▶ **WORK REQUIRED**
Where a line in the data below includes the word "moreover", count it. State the total and nothing more.

(Collected data)
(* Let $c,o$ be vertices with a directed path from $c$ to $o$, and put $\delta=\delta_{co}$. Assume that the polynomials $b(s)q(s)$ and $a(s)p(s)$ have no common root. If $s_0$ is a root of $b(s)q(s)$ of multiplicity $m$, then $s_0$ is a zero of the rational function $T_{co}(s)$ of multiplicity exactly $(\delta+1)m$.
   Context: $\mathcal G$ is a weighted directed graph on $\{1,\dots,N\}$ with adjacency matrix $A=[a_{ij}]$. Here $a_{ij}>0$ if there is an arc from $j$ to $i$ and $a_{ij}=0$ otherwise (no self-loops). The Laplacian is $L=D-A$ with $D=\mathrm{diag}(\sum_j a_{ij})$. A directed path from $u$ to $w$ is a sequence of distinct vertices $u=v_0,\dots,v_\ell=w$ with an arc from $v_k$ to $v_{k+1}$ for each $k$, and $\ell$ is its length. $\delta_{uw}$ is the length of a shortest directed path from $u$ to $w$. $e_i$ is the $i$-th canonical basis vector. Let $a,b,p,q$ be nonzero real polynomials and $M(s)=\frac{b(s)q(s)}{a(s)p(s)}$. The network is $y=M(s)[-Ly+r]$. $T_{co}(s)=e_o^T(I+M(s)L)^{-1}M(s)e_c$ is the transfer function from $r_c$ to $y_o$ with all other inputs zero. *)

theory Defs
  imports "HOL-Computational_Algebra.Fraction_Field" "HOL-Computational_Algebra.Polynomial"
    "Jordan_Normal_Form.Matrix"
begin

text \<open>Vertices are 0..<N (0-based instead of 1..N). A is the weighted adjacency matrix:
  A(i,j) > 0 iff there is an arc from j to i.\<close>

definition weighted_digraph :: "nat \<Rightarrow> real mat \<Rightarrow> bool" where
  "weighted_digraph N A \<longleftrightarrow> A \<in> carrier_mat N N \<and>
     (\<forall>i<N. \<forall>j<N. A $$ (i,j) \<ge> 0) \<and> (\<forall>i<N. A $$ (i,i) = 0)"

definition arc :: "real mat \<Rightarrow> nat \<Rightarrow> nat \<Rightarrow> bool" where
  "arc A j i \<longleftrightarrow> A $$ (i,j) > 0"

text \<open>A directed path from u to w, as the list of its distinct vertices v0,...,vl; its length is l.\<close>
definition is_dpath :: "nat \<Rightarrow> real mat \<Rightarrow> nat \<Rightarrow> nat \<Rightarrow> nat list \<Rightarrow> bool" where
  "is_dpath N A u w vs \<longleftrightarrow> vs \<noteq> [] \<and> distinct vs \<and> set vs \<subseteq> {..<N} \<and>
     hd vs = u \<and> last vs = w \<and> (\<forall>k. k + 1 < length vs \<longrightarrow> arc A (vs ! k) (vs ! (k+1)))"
* * *
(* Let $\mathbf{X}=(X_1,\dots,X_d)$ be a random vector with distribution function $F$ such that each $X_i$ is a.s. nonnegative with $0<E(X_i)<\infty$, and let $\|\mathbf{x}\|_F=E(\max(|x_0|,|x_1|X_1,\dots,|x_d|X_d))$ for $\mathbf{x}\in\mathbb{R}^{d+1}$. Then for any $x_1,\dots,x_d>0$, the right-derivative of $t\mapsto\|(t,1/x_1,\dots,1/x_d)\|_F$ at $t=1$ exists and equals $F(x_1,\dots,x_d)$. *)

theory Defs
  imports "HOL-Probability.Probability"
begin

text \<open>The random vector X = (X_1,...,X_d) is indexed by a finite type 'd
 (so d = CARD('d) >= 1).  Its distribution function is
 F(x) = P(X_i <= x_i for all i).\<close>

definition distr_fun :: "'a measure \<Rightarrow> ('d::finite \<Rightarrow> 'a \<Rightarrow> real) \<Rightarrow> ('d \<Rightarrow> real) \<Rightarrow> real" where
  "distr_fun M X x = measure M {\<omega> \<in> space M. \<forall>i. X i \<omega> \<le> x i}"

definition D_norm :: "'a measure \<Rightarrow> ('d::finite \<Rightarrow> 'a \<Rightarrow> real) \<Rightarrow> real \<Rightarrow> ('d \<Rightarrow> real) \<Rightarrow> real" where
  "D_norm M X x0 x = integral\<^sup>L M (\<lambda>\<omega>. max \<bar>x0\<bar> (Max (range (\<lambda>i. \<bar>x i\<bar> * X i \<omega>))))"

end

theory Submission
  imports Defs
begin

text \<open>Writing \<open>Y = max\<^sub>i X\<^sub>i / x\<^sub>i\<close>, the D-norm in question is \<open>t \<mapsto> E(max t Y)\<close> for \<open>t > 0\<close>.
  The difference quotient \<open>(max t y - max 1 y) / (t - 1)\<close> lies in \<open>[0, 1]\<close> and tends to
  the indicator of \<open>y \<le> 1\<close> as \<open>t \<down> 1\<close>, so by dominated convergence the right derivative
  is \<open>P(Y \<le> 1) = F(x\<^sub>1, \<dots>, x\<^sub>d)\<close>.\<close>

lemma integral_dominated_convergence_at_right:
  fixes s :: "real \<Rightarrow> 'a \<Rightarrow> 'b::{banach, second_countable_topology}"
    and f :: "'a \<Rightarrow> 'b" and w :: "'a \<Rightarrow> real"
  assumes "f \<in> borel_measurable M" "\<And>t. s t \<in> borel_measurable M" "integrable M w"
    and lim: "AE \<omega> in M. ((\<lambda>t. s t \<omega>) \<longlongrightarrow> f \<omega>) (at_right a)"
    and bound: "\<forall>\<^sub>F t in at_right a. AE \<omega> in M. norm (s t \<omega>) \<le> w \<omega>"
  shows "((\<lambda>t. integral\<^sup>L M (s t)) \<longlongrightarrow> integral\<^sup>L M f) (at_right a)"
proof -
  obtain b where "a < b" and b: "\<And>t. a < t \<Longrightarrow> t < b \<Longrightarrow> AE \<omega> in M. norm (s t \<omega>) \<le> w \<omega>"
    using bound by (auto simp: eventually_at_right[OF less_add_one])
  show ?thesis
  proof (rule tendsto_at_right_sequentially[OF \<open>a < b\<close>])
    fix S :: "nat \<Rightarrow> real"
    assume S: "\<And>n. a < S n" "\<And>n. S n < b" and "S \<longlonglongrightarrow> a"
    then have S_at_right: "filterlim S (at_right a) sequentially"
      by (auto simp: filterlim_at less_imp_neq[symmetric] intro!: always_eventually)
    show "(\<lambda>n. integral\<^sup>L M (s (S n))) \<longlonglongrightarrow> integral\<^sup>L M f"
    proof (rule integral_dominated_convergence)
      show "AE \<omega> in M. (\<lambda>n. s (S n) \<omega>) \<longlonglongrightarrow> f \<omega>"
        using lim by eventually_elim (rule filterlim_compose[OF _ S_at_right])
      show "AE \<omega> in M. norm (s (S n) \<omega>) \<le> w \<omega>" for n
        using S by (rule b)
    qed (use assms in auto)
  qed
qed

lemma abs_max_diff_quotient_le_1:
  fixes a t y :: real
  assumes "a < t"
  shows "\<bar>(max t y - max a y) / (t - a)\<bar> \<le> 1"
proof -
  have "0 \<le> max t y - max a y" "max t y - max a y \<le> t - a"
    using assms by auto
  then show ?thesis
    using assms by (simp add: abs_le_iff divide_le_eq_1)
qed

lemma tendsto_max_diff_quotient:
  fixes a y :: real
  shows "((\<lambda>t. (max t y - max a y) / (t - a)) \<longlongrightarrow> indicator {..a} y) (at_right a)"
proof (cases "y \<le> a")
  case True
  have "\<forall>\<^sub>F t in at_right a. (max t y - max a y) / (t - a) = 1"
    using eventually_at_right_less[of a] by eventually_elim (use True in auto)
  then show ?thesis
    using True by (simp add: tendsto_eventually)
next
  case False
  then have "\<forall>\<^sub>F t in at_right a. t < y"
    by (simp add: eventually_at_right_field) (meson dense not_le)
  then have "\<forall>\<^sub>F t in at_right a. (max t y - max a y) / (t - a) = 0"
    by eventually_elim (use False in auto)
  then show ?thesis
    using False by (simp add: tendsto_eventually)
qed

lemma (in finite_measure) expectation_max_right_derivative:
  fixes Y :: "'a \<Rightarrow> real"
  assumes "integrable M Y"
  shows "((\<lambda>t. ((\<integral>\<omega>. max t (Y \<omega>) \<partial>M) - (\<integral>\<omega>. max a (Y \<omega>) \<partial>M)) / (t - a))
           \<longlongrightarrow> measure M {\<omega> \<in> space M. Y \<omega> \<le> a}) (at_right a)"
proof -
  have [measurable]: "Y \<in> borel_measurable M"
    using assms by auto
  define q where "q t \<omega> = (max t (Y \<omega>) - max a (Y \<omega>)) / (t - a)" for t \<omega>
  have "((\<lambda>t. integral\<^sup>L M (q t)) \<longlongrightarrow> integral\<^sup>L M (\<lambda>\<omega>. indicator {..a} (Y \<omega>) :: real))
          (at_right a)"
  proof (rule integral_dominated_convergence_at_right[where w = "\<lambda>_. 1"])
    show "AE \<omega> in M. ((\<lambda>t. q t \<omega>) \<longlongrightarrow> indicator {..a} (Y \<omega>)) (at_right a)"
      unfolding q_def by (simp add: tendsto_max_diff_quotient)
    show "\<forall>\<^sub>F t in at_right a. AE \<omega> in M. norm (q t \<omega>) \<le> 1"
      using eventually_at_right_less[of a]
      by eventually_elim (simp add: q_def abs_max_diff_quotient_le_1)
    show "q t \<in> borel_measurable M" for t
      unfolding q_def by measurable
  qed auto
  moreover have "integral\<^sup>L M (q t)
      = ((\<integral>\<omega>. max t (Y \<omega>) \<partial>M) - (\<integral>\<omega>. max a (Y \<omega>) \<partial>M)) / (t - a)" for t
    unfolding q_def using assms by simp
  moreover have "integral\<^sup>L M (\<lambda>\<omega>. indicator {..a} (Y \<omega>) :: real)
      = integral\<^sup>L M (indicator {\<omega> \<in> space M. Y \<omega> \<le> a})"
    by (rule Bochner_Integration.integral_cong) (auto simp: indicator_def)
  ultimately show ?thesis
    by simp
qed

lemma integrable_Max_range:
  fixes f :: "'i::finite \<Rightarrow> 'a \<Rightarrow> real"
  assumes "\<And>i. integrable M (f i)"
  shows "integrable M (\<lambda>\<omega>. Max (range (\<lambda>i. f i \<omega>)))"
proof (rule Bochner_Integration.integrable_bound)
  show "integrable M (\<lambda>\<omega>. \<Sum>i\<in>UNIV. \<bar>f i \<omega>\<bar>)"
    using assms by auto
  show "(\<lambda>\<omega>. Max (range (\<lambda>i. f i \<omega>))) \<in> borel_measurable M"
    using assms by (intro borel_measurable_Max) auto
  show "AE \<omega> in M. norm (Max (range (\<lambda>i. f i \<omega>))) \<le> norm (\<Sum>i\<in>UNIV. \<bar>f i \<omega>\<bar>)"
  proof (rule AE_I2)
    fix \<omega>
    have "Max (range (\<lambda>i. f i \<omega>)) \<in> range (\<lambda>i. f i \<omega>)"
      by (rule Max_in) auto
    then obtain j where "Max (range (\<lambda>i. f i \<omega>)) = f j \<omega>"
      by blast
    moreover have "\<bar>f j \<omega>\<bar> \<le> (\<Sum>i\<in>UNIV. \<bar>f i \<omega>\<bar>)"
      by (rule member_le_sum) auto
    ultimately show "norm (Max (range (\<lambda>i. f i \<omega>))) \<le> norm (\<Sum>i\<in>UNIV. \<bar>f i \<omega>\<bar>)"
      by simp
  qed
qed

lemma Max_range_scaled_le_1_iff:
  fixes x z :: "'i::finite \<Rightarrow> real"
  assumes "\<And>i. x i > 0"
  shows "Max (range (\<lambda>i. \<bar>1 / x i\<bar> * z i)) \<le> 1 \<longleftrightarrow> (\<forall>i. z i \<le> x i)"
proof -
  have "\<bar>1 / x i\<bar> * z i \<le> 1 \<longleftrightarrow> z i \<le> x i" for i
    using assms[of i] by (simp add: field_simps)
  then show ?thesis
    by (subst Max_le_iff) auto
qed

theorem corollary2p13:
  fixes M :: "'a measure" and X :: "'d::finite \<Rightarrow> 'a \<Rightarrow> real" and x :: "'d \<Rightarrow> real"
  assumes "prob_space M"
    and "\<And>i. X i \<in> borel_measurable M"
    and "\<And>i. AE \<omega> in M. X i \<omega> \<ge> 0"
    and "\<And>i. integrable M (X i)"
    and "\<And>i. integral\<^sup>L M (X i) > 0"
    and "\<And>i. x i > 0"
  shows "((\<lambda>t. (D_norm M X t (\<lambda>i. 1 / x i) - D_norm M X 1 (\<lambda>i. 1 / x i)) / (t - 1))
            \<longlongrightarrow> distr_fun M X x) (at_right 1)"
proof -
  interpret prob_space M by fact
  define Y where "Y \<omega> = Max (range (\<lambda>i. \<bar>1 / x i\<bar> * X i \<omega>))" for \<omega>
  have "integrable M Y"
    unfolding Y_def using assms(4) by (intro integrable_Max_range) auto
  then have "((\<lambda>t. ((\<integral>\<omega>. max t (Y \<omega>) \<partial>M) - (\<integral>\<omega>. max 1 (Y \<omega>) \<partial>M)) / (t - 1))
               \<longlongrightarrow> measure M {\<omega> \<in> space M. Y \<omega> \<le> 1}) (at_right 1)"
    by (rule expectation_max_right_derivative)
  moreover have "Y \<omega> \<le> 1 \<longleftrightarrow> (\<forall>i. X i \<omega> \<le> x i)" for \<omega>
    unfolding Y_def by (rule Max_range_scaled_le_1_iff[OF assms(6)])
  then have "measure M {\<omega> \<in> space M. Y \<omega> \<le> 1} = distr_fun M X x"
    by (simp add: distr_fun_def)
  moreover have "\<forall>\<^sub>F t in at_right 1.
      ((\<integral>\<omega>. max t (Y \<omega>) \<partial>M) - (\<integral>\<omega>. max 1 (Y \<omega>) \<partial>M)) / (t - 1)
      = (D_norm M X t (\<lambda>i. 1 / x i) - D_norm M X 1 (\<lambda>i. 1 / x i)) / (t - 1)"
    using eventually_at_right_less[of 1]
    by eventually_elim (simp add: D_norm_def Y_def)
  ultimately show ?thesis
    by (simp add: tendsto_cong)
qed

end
==
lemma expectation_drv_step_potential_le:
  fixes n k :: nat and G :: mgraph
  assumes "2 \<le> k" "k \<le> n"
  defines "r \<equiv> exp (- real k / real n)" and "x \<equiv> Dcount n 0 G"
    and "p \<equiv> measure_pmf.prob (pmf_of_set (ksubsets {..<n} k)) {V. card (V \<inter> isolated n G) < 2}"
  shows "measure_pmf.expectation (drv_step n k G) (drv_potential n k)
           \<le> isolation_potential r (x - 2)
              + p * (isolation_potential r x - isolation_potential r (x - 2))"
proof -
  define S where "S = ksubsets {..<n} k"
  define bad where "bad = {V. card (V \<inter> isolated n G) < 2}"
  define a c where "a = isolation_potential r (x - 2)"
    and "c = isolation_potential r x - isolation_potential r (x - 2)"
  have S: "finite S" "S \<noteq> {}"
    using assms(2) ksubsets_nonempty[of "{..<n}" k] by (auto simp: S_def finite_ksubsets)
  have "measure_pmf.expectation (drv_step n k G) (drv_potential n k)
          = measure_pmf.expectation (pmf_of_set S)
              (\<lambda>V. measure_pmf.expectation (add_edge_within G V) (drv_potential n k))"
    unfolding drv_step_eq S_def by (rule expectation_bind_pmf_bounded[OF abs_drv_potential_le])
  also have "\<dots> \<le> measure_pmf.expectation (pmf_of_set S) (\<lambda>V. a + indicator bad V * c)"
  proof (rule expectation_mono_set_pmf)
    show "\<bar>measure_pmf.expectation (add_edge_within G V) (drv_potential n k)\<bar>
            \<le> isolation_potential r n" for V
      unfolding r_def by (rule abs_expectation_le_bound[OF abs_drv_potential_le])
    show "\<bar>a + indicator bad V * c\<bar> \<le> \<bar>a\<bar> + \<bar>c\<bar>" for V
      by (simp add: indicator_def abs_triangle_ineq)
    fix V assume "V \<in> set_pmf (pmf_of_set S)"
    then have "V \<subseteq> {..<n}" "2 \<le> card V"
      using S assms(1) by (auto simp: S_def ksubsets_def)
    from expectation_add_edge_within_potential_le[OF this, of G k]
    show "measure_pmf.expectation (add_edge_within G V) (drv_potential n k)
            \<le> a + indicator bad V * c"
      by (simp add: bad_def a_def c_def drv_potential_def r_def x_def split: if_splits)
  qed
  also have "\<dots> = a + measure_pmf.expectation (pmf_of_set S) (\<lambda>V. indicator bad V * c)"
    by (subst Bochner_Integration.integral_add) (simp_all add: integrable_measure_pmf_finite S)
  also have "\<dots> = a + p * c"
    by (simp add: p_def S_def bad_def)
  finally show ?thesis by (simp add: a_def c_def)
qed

▶ **ANSWER FOR THE TASK**
5